# summarize-galaxy-workflow eval

Abstract oracle for the summary emitted from an existing Galaxy workflow. Fixture-bound cases live in the pipeline's `scenarios.md`.

## Property: the summary validates against its schema

- check: deterministic
- assertion: the emitted JSON passes `foundry validate-summary-galaxy-workflow`, including `additionalProperties: false` at every level.

## Property: every step and connection in the source appears

- check: deterministic
- assertion: `steps[]` has one entry per gxformat2 step and `graph.edges[]` covers every input connection; no step present in the source workflow is silently dropped from the summary.

## Property: labels are preserved verbatim

- check: llm-judged
- assertion: step labels, workflow-input labels, and workflow-output names match the source workflow exactly. A renamed, re-cased, or singular/plural-shifted label is a failure, because the change-set anchors edits to these strings.

## Property: tool identity and state are recorded faithfully

- check: llm-judged
- assertion: each tool step's `tool_id`, `tool_version`, and `tool_state` reflect the source verbatim; `tool_state` is not summarized away or normalized in a way that loses a parameter an edit might target. Invented Tool Shed ids or versions are a failure.

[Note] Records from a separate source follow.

text \<open>In degree 3, \<open>(ab)c\<close> depends only on \<open>{a, b}\<close> and \<open>c\<close>, the associator is alternating,
  and \<open>a(bc) = (ab)c - (a, b, c)\<close>.\<close>
lemma in_span_basisU_3:
  assumes "multilinear 3 t"
  shows "in_span_mod_U {1..3} (basisU 3) (monom t :: 'a::field npoly)"
proof -
  let ?sp = "in_span_mod_U {1..3} (basisU 3) :: 'a npoly \<Rightarrow> bool"
  let ?A = "\<lambda>a b c. assoc (monom (Leaf a)) (monom (Leaf b)) (monom (Leaf c)) :: 'a npoly"
  have basis: "?sp (monom (Node (Node (Leaf 1) (Leaf 2)) (Leaf 3)))"
    "?sp (monom (Node (Node (Leaf 1) (Leaf 3)) (Leaf 2)))"
    "?sp (monom (Node (Leaf 3) (Node (Leaf 2) (Leaf 1))))"
    by (auto intro: in_span_mod_U_monom simp: basisU_def)
  have "?sp (?A 3 2 1)" by (rule in_span_basisU_3_assoc) auto
  then have "?sp (padd (?A 3 2 1) (monom (Node (Leaf 3) (Node (Leaf 2) (Leaf 1)))))"
    using basis(3) by (rule in_span_mod_U_padd)
  then have "?sp (monom (Node (Node (Leaf 3) (Leaf 2)) (Leaf 1)))"
    by (simp add: assoc_def pmul_monom npoly_pointwise)
  then have "?sp (monom (Node (Node (Leaf 2) (Leaf 3)) (Leaf 1)))"
    by (rule in_span_mod_U_left_comm) auto
  moreover have "?sp (monom (Node (Node (Leaf 2) (Leaf 1)) (Leaf 3)))"
    using basis(1) by (rule in_span_mod_U_left_comm) auto
  moreover have "?sp (monom (Node (Node (Leaf 3) (Leaf 1)) (Leaf 2)))"
    using basis(2) by (rule in_span_mod_U_left_comm) auto
  ultimately have left: "?sp (monom (Node (Node (Leaf a) (Leaf b)) (Leaf c)))"
    if "distinct [a, b, c]" "set [a, b, c] = {1..3}" for a b c
    using perm3_cases[OF that] basis(1,2) \<open>?sp (monom (Node (Node (Leaf 3) (Leaf 2)) (Leaf 1)))\<close>
    by auto
  have right: "?sp (monom (Node (Leaf a) (Node (Leaf b) (Leaf c))))"
    if "distinct [a, b, c]" "set [a, b, c] = {1..3}" for a b c
  proof -
    have "?sp (pminus (monom (Node (Node (Leaf a) (Leaf b)) (Leaf c))) (?A a b c))"
      using left[OF that] in_span_basisU_3_assoc[OF that] by (rule in_span_mod_U_pminus)
    then show ?thesis by (simp add: assoc_def pmul_monom npoly_pointwise)
  qed
  from assms obtain a b c where abc: "distinct [a, b, c]" "set [a, b, c] = {1..3}"
    and "t = Node (Node (Leaf a) (Leaf b)) (Leaf c) \<or> t = Node (Leaf a) (Node (Leaf b) (Leaf c))"
    by (rule multilinear_3_cases)
  with left[OF abc] right[OF abc] show ?thesis by auto
qed
lemma primeideal_var_divisible:
  "primeideal (var_divisible n F :: 'a::idom mpoly set) (polyring n)"
proof (rule primeidealI[OF ideal_var_divisible cring_polyring])
  have "(1::'a mpoly) \<notin> var_divisible n F" by (auto simp: var_divisible_def)
  then show "carrier (polyring n) \<noteq> (var_divisible n F :: 'a mpoly set)" by auto
next
  let ?P = "var_divisible n F :: 'a mpoly set" and ?low = "avoiding_part F :: 'a mpoly \<Rightarrow> 'a mpoly"
  fix a b :: "'a mpoly"
  assume "a \<in> carrier (polyring n)" "b \<in> carrier (polyring n)" "a \<otimes>\<^bsub>polyring n\<^esub> b \<in> ?P"
  then have a: "a \<in> mpolys n" and b: "b \<in> mpolys n" and ab: "a * b \<in> ?P" by auto
  show "a \<in> ?P \<or> b \<in> ?P"
  proof (rule ccontr)
    assume "\<not> (a \<in> ?P \<or> b \<in> ?P)"
    then have "?low a * ?low b \<noteq> 0" using avoiding_part_nonzero[OF a] avoiding_part_nonzero[OF b] by simp
    then have "?low a * ?low b \<notin> ?P" by (rule mult_avoiding_parts_notin_var_divisible)
    moreover have "?low a * ?low b = a * b - ((a - ?low a) * b + ?low a * (b - ?low b))"
      by (simp add: algebra_simps)
    moreover have "(a - ?low a) * b \<in> ?P" "?low a * (b - ?low b) \<in> ?P"
      using var_divisible_mult[OF diff_avoiding_part_in_var_divisible[OF a] b]
        var_divisible_mult[OF diff_avoiding_part_in_var_divisible[OF b] avoiding_part_in_mpolys[OF a]]
      by (simp_all add: mult.commute)
    ultimately show False
      using ab var_divisible_add var_divisible_uminus by (metis diff_conv_add_uminus)
  qed
qed

lemma primeideal_prod_Var:
  assumes P: "primeideal P (polyring n :: 'a::comm_ring_1 mpoly ring)"
  shows "finite S \<Longrightarrow> S \<noteq> {} \<Longrightarrow> S \<subseteq> {1..n} \<Longrightarrow> prod Var S \<in> P \<Longrightarrow> \<exists>k\<in>S. Var k \<in> P"
proof (induction S rule: finite_ne_induct)
  case (insert x S)
  then have "Var x * prod Var S \<in> P" "Var x \<in> mpolys n" "prod Var S \<in> mpolys n"
    by (auto intro!: Var_in_mpolys prod_Var_in_mpolys)
  then have "Var x \<in> P \<or> prod Var S \<in> P" using primeideal.I_prime[OF P] by fastforce
  then show ?case using insert by auto
qed simp

section \<open>Minimal primes of the path ideal\<close>

definition vars_in :: "nat \<Rightarrow> 'a::comm_ring_1 mpoly set \<Rightarrow> nat set" where
  "vars_in n Q = {k \<in> {1..n}. Var k \<in> Q}"

lemma path_ideal_subset_iff:
  assumes "1 \<le> t" "t \<le> n" "ideal Q (polyring n :: 'a::comm_ring_1 mpoly ring)"
  shows "path_ideal n t \<subseteq> Q \<longleftrightarrow> (\<forall>i. 1 \<le> i \<and> i \<le> n - t + 1 \<longrightarrow> prod Var {i..i+t-1} \<in> Q)"
proof -
  interpret cring "polyring n :: 'a mpoly ring" by (rule cring_polyring)
  have "{path_gen t i | i. 1 \<le> i \<and> i \<le> n - t + 1} \<subseteq> carrier (polyring n :: 'a mpoly ring)"
    using assms by (auto simp: path_gen_def intro!: prod_Var_in_mpolys)
  then have "path_ideal n t \<subseteq> Q \<longleftrightarrow> {path_gen t i | i. 1 \<le> i \<and> i \<le> n - t + 1} \<subseteq> Q"
    unfolding path_ideal_def by (rule Idl_subset_ideal[OF assms(3)])
  then show ?thesis by (auto simp: path_gen_def)
qed

lemma vertex_cover_vars_in_prime:
  assumes t: "1 \<le> t" "t \<le> n" and Q: "primeideal Q (polyring n :: 'a::comm_ring_1 mpoly ring)"
    and sub: "path_ideal n t \<subseteq> Q"
  shows "vertex_cover n t (vars_in n Q)"
  unfolding vertex_cover_def
proof (intro conjI allI impI)
  fix i assume i: "1 \<le> i \<and> i \<le> n - t + 1"
  then have "prod Var {i..i+t-1} \<in> Q"
    using sub path_ideal_subset_iff[OF t primeideal.axioms(1)[OF Q]] by blast
  moreover have "{i..i+t-1} \<noteq> {}" "{i..i+t-1} \<subseteq> {1..n}" using i t by auto
  ultimately obtain k where "k \<in> {i..i+t-1}" "Var k \<in> Q"
    using primeideal_prod_Var[OF Q, of "{i..i+t-1}"] by auto
  then have "k \<in> vars_in n Q \<inter> {i..i+t-1}" using i t by (auto simp: vars_in_def)
  then show "vars_in n Q \<inter> {i..i+t-1} \<noteq> {}" by blast
qed (auto simp: vars_in_def)

lemma path_ideal_subset_var_divisible:
  assumes t: "1 \<le> t" "t \<le> n" and G: "vertex_cover n t G"
  shows "path_ideal n t \<subseteq> (var_divisible n G :: 'a::comm_ring_1 mpoly set)"
  unfolding path_ideal_subset_iff[OF t ideal_var_divisible]
proof (intro allI impI)
  fix i assume i: "1 \<le> i \<and> i \<le> n - t + 1"
  then have "G \<inter> {i..i+t-1} \<noteq> {}" using G unfolding vertex_cover_def by blast
  then obtain k where k: "k \<in> G" "k \<in> {i..i+t-1}" by blast
  have "prod Var {i..i+t-1} = prod Var ({i..i+t-1} - {k}) * (Var k :: 'a mpoly)"
    using k(2) by (simp add: prod.remove mult.commute)
  moreover have "prod Var ({i..i+t-1} - {k}) \<in> (mpolys n :: 'a mpoly set)"
    using i t by (intro prod_Var_in_mpolys) auto
  moreover have "(Var k :: 'a mpoly) \<in> var_divisible n G"
    using k i t by (auto simp: Var_in_var_divisible_iff)
  ultimately show "prod Var {i..i+t-1} \<in> (var_divisible n G :: 'a mpoly set)"
    using var_divisible_mult by metis
qed

lemma var_divisible_subset_ideal:
  assumes "G \<subseteq> vars_in n Q" "ideal Q (polyring n :: 'a::comm_ring_1 mpoly ring)"
  shows "(var_divisible n G :: 'a mpoly set) \<subseteq> Q"
proof -
  interpret cring "polyring n :: 'a mpoly ring" by (rule cring_polyring)
  have "G \<subseteq> {1..n}" "Var ` G \<subseteq> Q" using assms(1) by (auto simp: vars_in_def)
  then show ?thesis
    using var_ideal_eq_var_divisible genideal_minimal[OF assms(2)] by (metis var_ideal_def)
qed
definition strict_iso ::
  "('o, 'm, 'x) mgpd_scheme \<Rightarrow> ('p, 'n, 'y) mgpd_scheme \<Rightarrow> ('o \<Rightarrow> 'p) \<Rightarrow> ('m \<Rightarrow> 'n) \<Rightarrow> bool"
  where "strict_iso A B Fo Fm \<longleftrightarrow>
     is_functor A B Fo Fm \<and>
     (\<exists>Go Gm. is_functor B A Go Gm \<and>
        (\<forall>x\<in>Obj A. Go (Fo x) = x) \<and> (\<forall>f\<in>Arr A. Gm (Fm f) = f) \<and>
        (\<forall>y\<in>Obj B. Fo (Go y) = y) \<and> (\<forall>g\<in>Arr B. Fm (Gm g) = g)) \<and>
     (\<forall>x\<in>Obj A. \<forall>y\<in>Obj A. Fo (tob A x y) = tob B (Fo x) (Fo y)) \<and>
     (\<forall>f\<in>Arr A. \<forall>g\<in>Arr A. Fm (tar A f g) = tar B (Fm f) (Fm g)) \<and>
     Fo (tunit A) = tunit B"

definition wr_to_sym_ob :: "nat \<Rightarrow> ('g, 'b) monoid_scheme \<Rightarrow>
     (nat \<Rightarrow> nat) \<times> (nat \<Rightarrow> ('g \<Rightarrow> 'g)) \<Rightarrow> (nat \<Rightarrow> nat) \<times> ('g \<times> nat \<Rightarrow> 'g \<times> nat)"
  where "wr_to_sym_ob n G = (\<lambda>(\<sigma>, \<phi>s).
     (\<lambda>i\<in>{1..n}. \<sigma> i,
      restrict (\<lambda>(g, i). (\<phi>s i g, \<sigma> i)) (carrier G \<times> {1..n})))"

definition wr_to_sym_ar :: "nat \<Rightarrow> ('g, 'b) monoid_scheme \<Rightarrow>
     (nat \<Rightarrow> nat) \<times> (nat \<Rightarrow> ('g \<Rightarrow> 'g) \<times> 'g) \<Rightarrow>
     ((nat \<Rightarrow> nat) \<times> ('g \<times> nat \<Rightarrow> 'g \<times> nat)) \<times> (nat \<Rightarrow> 'g \<times> nat)
       \<times> ((nat \<Rightarrow> nat) \<times> ('g \<times> nat \<Rightarrow> 'g \<times> nat))"
  where "wr_to_sym_ar n G = (\<lambda>(\<sigma>, fs).
     (wr_to_sym_ob n G (src (wreath n (SymGrp G)) (\<sigma>, fs)),
      \<lambda>i\<in>{1..n}. (snd (fs i), \<sigma> i),
      wr_to_sym_ob n G (tgt (wreath n (SymGrp G)) (\<sigma>, fs))))"

end

theory Submission
  imports Defs "HOL-Algebra.Group_Action"
begin

(* Write K for the coproduct of n copies of the one-object groupoid G, with objects 1..n.
   A functor K -> K sends the object i to some j = tau i and the automorphism group of
   *_i homomorphically into that of *_j, so it is determined by tau and a family of
   homomorphisms psi_i ("coprod_fun").  The map of the theorem sends (sigma, phi) to
   coprod_fun sigma phi.  The proof shows:
   (1) coprod_fun sigma phi is a self-equivalence when sigma is a permutation and the phi_i
       are automorphisms; conversely every self-equivalence has this form, since a functor
       naturally isomorphic to the identity acts on each automorphism group by an inner
       automorphism (lemma nat_iso_to_identity).  This inverts the map on objects.
   (2) Natural isomorphisms coprod_fun sigma phi => coprod_fun sigma' phi' are exactly the
       families (g_i, *_(sigma i)) with sigma' = sigma and phi'_i = c_(g_i) o phi_i.  This
       inverts the map on arrows.
   (3) The map is a functor and preserves tensor products and unit; the interchange law of
       conjugation (conj_aut_compose) handles the tensor of arrows.
   A bijective functor whose inverse maps are well defined is automatically an isomorphism
   of groupoids (functor_inverse), which yields the strict isomorphism. *)

lemma wreath_simps:
  "Obj (wreath n H) = {(\<sigma>, xs). \<sigma> permutes {1..n} \<and> xs \<in> extensional {1..n} \<and> (\<forall>i\<in>{1..n}. xs i \<in> Obj H)}"
  "Arr (wreath n H) = {(\<sigma>, fs). \<sigma> permutes {1..n} \<and> fs \<in> extensional {1..n} \<and> (\<forall>i\<in>{1..n}. fs i \<in> Arr H)}"
  "src (wreath n H) (\<sigma>, fs) = (\<sigma>, \<lambda>i\<in>{1..n}. src H (fs i))"
  "tgt (wreath n H) (\<sigma>, fs) = (\<sigma>, \<lambda>i\<in>{1..n}. tgt H (fs i))"
  "cmp (wreath n H) (\<sigma>, fs) (\<tau>, gs) = (\<sigma>, \<lambda>i\<in>{1..n}. cmp H (fs i) (gs i))"
  "idm (wreath n H) (\<sigma>, xs) = (\<sigma>, \<lambda>i\<in>{1..n}. idm H (xs i))"
  "tob (wreath n H) (\<sigma>, xs) (\<sigma>', xs') = (\<sigma> \<circ> \<sigma>', \<lambda>i\<in>{1..n}. tob H (xs (\<sigma>' i)) (xs' i))"
  "tar (wreath n H) (\<sigma>, fs) (\<sigma>', fs') = (\<sigma> \<circ> \<sigma>', \<lambda>i\<in>{1..n}. tar H (fs (\<sigma>' i)) (fs' i))"
  "tunit (wreath n H) = (id, \<lambda>i\<in>{1..n}. tunit H)"
  by (simp_all add: wreath_def)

## Property: `.ga` conversion is recorded and flagged when lossy

- check: deterministic
- assertion: a `.ga` input yields `original_format: ga` and a populated `documents.converted_path`; any structure the conversion drops or rewrites surfaces in `warnings[]` rather than being presented as clean.

## Property: existing tests are captured, not fabricated

- check: llm-judged
- assertion: `tests[]` reflects only tests actually present (sibling `*-tests.yml` or embedded); when none exist it is `[]`. Expected outputs are never inferred from tool names.